Rudolf Schmidt  (12 May 1886 – 7 April 1957) was a general in the Wehrmacht of Nazi Germany during World War II who commanded the 2nd Panzer Army on the Eastern Front. He was a recipient of the Knight's Cross of the Iron Cross with Oak Leaves.

Career
Schmidt  joined the Prussian Army in 1906 and served during World War I. He was retained in the Reichswehr where he served in staff roles. In October 1936 he was promoted to Generalmajor and appointed commander of the 1st Panzer Division. In 1939 Schmidt led the division in the invasion of Poland.

On 1 February 1940 he was appointed commanding general of the XXXIX Panzer Corps. He led the Corps in France and was awarded the Knight's Cross of the Iron Cross for his role in that campaign on 3 June 1940. He was promoted to General der Panzertruppe and appointed acting commander of the 2nd Army which took part in the Battle of Moscow. On 25 December 1941 he was appointed Commander of the 2nd Panzer Army (replacing the sacked General Guderian).

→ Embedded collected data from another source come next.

(* Let $L>0$ and $g\in L^2(0,L;\mathbb{C})$, and let $\tilde A^*$ be the operator on $L^2(0,L)$ with domain $\{z\in H^1(0,L):z(L)=z(0)\}$ defined by $\tilde A^*z(x)=-z'(x)+\int_0^L\overline{g(y)}z(y)dy$. For $\lambda\in\mathbb{C}$ let $w_\lambda(x)=\int_0^xe^{-\lambda(x-\sigma)}d\sigma$ (i.e. $(1-e^{-\lambda x})/\lambda$ if $\lambda\ne0$, $x$ if $\lambda=0$) and $$H(\lambda)=\begin{pmatrix}1-e^{-\lambda L}&-w_\lambda(L)\\ \int_0^L\overline{g(x)}e^{-\lambda x}dx&\int_0^L\overline{g(x)}w_\lambda(x)dx-1\end{pmatrix}.$$ Then: (1) for every $\lambda\in\mathbb{C}$, $\ker(\lambda-\tilde A^* )=\{ae^{-\lambda x}+bw_\lambda(x):(a,b)\in\mathbb{C}^2,\ H(\lambda)(a,b)^T=0\}$; (2) the spectrum of $\tilde A^*$ is $\{\lambda_k=\frac{2ik\pi}{L}:k\in\mathbb{Z},k\ne0\}\cup\{\lambda_0=\int_0^L\overline{g(x)}dx\}$. *)

theory Defs
  imports "HOL-Analysis.Analysis"
begin

text \<open>Functions on the interval [0,L] are represented as functions real => complex;
  only their values on [0,L] matter.  Measure: Lebesgue measure.\<close>

definition L2_on :: "real \<Rightarrow> (real \<Rightarrow> complex) \<Rightarrow> bool" where
  "L2_on L f \<longleftrightarrow> set_borel_measurable lebesgue {0..L} f \<and>
     set_integrable lebesgue {0..L} (\<lambda>x. (cmod (f x))^2)"

definition L2_norm_on :: "real \<Rightarrow> (real \<Rightarrow> complex) \<Rightarrow> real" where
  "L2_norm_on L f = sqrt (LINT x:{0..L}|lebesgue. (cmod (f x))^2)"

text \<open>z (the absolutely continuous representative) belongs to H^1(0,L) with weak derivative z'.\<close>
definition H1_deriv :: "real \<Rightarrow> (real \<Rightarrow> complex) \<Rightarrow> (real \<Rightarrow> complex) \<Rightarrow> bool" where
  "H1_deriv L z z' \<longleftrightarrow> L2_on L z' \<and>
     (\<forall>x\<in>{0..L}. z x = z 0 + (LINT t:{0..x}|lebesgue. z' t))"

definition dom_A :: "real \<Rightarrow> (real \<Rightarrow> complex) \<Rightarrow> bool" where
  "dom_A L z \<longleftrightarrow> (\<exists>z'. H1_deriv L z z') \<and> z L = z 0"

definition gint :: "real \<Rightarrow> (real \<Rightarrow> complex) \<Rightarrow> (real \<Rightarrow> complex) \<Rightarrow> complex" where
  "gint L g z = (LINT y:{0..L}|lebesgue. cnj (g y) * z y)"

definition shifted_eq :: "real \<Rightarrow> (real \<Rightarrow> complex) \<Rightarrow> complex \<Rightarrow> (real \<Rightarrow> complex) \<Rightarrow> (real \<Rightarrow> complex) \<Rightarrow> bool" where
  "shifted_eq L g mu z f \<longleftrightarrow> dom_A L z \<and>
     (\<exists>z'. H1_deriv L z z' \<and>
        (AE x in lebesgue. x \<in> {0..L} \<longrightarrow> mu * z x - (- z' x + gint L g z) = f x))"

definition in_resolvent :: "real \<Rightarrow> (real \<Rightarrow> complex) \<Rightarrow> complex \<Rightarrow> bool" where
  "in_resolvent L g mu \<longleftrightarrow>
     (\<forall>f. L2_on L f \<longrightarrow> (\<exists>z. shifted_eq L g mu z f)) \<and>
     (\<forall>z. shifted_eq L g mu z (\<lambda>_. 0) \<longrightarrow> (\<forall>x\<in>{0..L}. z x = 0)) \<and>
     (\<exists>C. \<forall>z f. L2_on L f \<longrightarrow> shifted_eq L g mu z f \<longrightarrow> L2_norm_on L z \<le> C * L2_norm_on L f)"

definition spectrum_A :: "real \<Rightarrow> (real \<Rightarrow> complex) \<Rightarrow> complex set" where
  "spectrum_A L g = {mu. \<not> in_resolvent L g mu}"

definition w_fun :: "complex \<Rightarrow> real \<Rightarrow> complex" where
  "w_fun mu x = (if mu = 0 then complex_of_real x else (1 - exp (- mu * complex_of_real x)) / mu)"

definition H_mat :: "real \<Rightarrow> (real \<Rightarrow> complex) \<Rightarrow> complex \<Rightarrow> complex^2^2" where
  "H_mat L g mu = vector [
     vector [1 - exp (- mu * complex_of_real L), - w_fun mu L],
     vector [gint L g (\<lambda>x. exp (- mu * complex_of_real x)), gint L g (w_fun mu) - 1]]"

end

theory Submission
  imports Defs
begin

text \<open>
  The equation \<open>(\<mu> - A) z = f\<close> says \<open>z' = f + c - \<mu> z\<close>, where the constant
  \<open>c = \<integral>\<^sub>0\<^sup>L conj(g) z\<close> is a priori unknown.  Variation of constants turns this into
  \<open>z = a e\<^sub>\<mu> + c w\<^sub>\<mu> + F\<close> with \<open>e\<^sub>\<mu>(x) = exp(-\<mu> x)\<close>, \<open>a = z(0)\<close> and \<open>F\<close> the solution of
  \<open>F' = f - \<mu> F\<close>, \<open>F(0) = 0\<close>.  The two remaining conditions \<open>z(L) = z(0)\<close> and
  \<open>c = \<integral> conj(g) z\<close> are exactly the linear system \<open>H(\<mu>) (a, c) = (F(L), -\<integral> conj(g) F)\<close>.
  Hence the kernel is described by \<open>ker H(\<mu>)\<close>, and \<open>\<mu>\<close> lies in the resolvent set iff \<open>H(\<mu>)\<close>
  is invertible: then the solution is unique and bounded by \<open>\<parallel>f\<parallel>\<^sub>1 \<le> \<surd>L \<parallel>f\<parallel>\<^sub>2\<close>; otherwise
  a nonzero kernel vector gives a nonzero eigenfunction.  Finally
  \<open>det H(\<mu>) = (1 - exp(-\<mu> L)) (\<integral> conj(g) - \<mu>) / \<mu>\<close> for \<open>\<mu> \<noteq> 0\<close> and \<open>L \<integral> conj(g)\<close> for \<open>\<mu> = 0\<close>.
\<close>

definition e_fun :: "complex \<Rightarrow> real \<Rightarrow> complex" where
  "e_fun mu x = exp (- mu * complex_of_real x)"

lemma has_vector_derivative_e_fun: "(e_fun mu has_vector_derivative - mu * e_fun mu x) (at x within S)"
proof -
  have "((\<lambda>z. exp (- mu * z)) has_field_derivative - mu * exp (- mu * complex_of_real x)) (at (complex_of_real x))"
    by (auto intro!: derivative_eq_intros)
  from has_vector_derivative_real_field[OF this] show ?thesis
    unfolding e_fun_def by simp
qed

lemma e_fun_eq: "e_fun mu x = 1 - mu * w_fun mu x"
  by (simp add: e_fun_def w_fun_def)

lemma has_vector_derivative_w_fun: "(w_fun mu has_vector_derivative e_fun mu x) (at x within S)"
proof (cases "mu = 0")
  case True
  then show ?thesis
    unfolding w_fun_def e_fun_def by (auto intro!: derivative_eq_intros)
next
  case False
  have "((\<lambda>z. (1 - exp (- mu * z)) / mu) has_field_derivative e_fun mu x) (at (complex_of_real x))"
    using False unfolding e_fun_def by (auto intro!: derivative_eq_intros)
  from has_vector_derivative_real_field[OF this] show ?thesis
    using False unfolding w_fun_def by simp
qed

lemma continuous_on_e_fun: "continuous_on S (e_fun mu)"
  unfolding e_fun_def by (intro continuous_intros)

lemma continuous_on_w_fun: "continuous_on S (w_fun mu)"
  by (rule continuous_on_vector_derivative[OF has_vector_derivative_w_fun])

lemma e_fun_0 [simp]: "e_fun mu 0 = 1"
  and w_fun_0 [simp]: "w_fun mu 0 = 0"
  by (simp_all add: e_fun_def w_fun_def)

lemma e_fun_uminus_mult: "e_fun (- mu) x * e_fun mu x = 1"
  by (simp add: e_fun_def exp_add[symmetric])

lemma e_fun_nonzero: "e_fun mu x \<noteq> 0"
  by (simp add: e_fun_def)

section \<open>Square integrable functions on \<open>[0,L]\<close>\<close>

lemma set_borel_measurable_iff_lebesgue_on:
  fixes f :: "real \<Rightarrow> 'b::real_normed_vector"
  assumes "S \<in> sets lebesgue"
  shows "set_borel_measurable lebesgue S f \<longleftrightarrow> f \<in> borel_measurable (lebesgue_on S)"
  unfolding set_borel_measurable_def using assms
  by (subst borel_measurable_restrict_space_iff) auto

lemma L2_on_imp_absolutely_integrable:
  assumes "L2_on L f"
  shows "f absolutely_integrable_on {0..L}"
proof (rule measurable_bounded_by_integrable_imp_absolutely_integrable)
  show "f \<in> borel_measurable (lebesgue_on {0..L})"
    using assms set_borel_measurable_iff_lebesgue_on[of "{0..L}" f] unfolding L2_on_def by simp
  have "(\<lambda>x. (cmod (f x))^2) integrable_on {0..L}"
    using assms set_lebesgue_integral_eq_integral(1) unfolding L2_on_def by blast
  then show "(\<lambda>x. 1 + (cmod (f x))^2) integrable_on {0..L}"
    by (intro integrable_add) auto
  show "norm (f x) \<le> 1 + (cmod (f x))^2" for x
    using sum_squares_bound[of "cmod (f x)" "1/2"] by (simp add: power2_eq_square algebra_simps)
qed (simp)

lemma L2_on_zero: "L2_on L (\<lambda>_. 0)"
  by (simp add: L2_on_def set_integrable_def set_borel_measurable_def)

lemma L2_on_add_continuous:
  assumes f: "L2_on L f" and h: "continuous_on {0..L} h"
  shows "L2_on L (\<lambda>x. f x + h x)"
proof -
  have "f \<in> borel_measurable (lebesgue_on {0..L})"
    using f set_borel_measurable_iff_lebesgue_on[of "{0..L}" f] unfolding L2_on_def by simp
  moreover have "h \<in> borel_measurable (lebesgue_on {0..L})"
    using continuous_imp_measurable_on_sets_lebesgue[OF h] by simp
  ultimately have meas: "(\<lambda>x. f x + h x) \<in> borel_measurable (lebesgue_on {0..L})"
    by (rule borel_measurable_add)
  have "(\<lambda>x. (cmod (f x))^2) integrable_on {0..L}"
    using f set_lebesgue_integral_eq_integral(1) unfolding L2_on_def by blast
  moreover have "(\<lambda>x. (cmod (h x))^2) integrable_on {0..L}"
    by (intro integrable_continuous_real continuous_intros h)
  ultimately have "(\<lambda>x. 2 * (cmod (f x))^2 + 2 * (cmod (h x))^2) integrable_on {0..L}"
    by (intro integrable_add integrable_on_mult_right)
  moreover have "(cmod (f x + h x))^2 \<le> 2 * (cmod (f x))^2 + 2 * (cmod (h x))^2" for x
  proof -
    have "(cmod (f x + h x))^2 \<le> (cmod (f x) + cmod (h x))^2"
      by (simp add: norm_triangle_ineq power_mono)
    also have "\<dots> \<le> 2 * (cmod (f x))^2 + 2 * (cmod (h x))^2"
      using sum_squares_bound[of "cmod (f x)" "cmod (h x)"] by (simp add: power2_eq_square algebra_simps)
    finally show ?thesis .
  qed
  ultimately have "set_integrable lebesgue {0..L} (\<lambda>x. (cmod (f x + h x))^2)"
    by (intro measurable_bounded_by_integrable_imp_absolutely_integrable[where g = "\<lambda>x. 2 * (cmod (f x))^2 + 2 * (cmod (h x))^2"])
      (use meas in \<open>auto intro: borel_measurable_power borel_measurable_norm\<close>)
  with meas show ?thesis
    unfolding L2_on_def by (simp add: set_borel_measurable_iff_lebesgue_on)
qed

His brother Hans-Thilo Schmidt sold details of the Germans' Enigma machine and other sensitive military information to the French Deuxième Bureau from 1931 until the German invasion of France in 1940. In January 1942 Rudolf Schmidt was promoted to Generaloberst, but on 10 April 1943 he was relieved of his command after the Gestapo arrested his brother for spying for the French, and found letters that Schmidt had written in which he was highly critical of Hitler’s conduct of the war and the Nazi Party. He appeared before a court martial but was acquitted and transferred to the leadership reserve on 30 September 1943. He was never re-employed.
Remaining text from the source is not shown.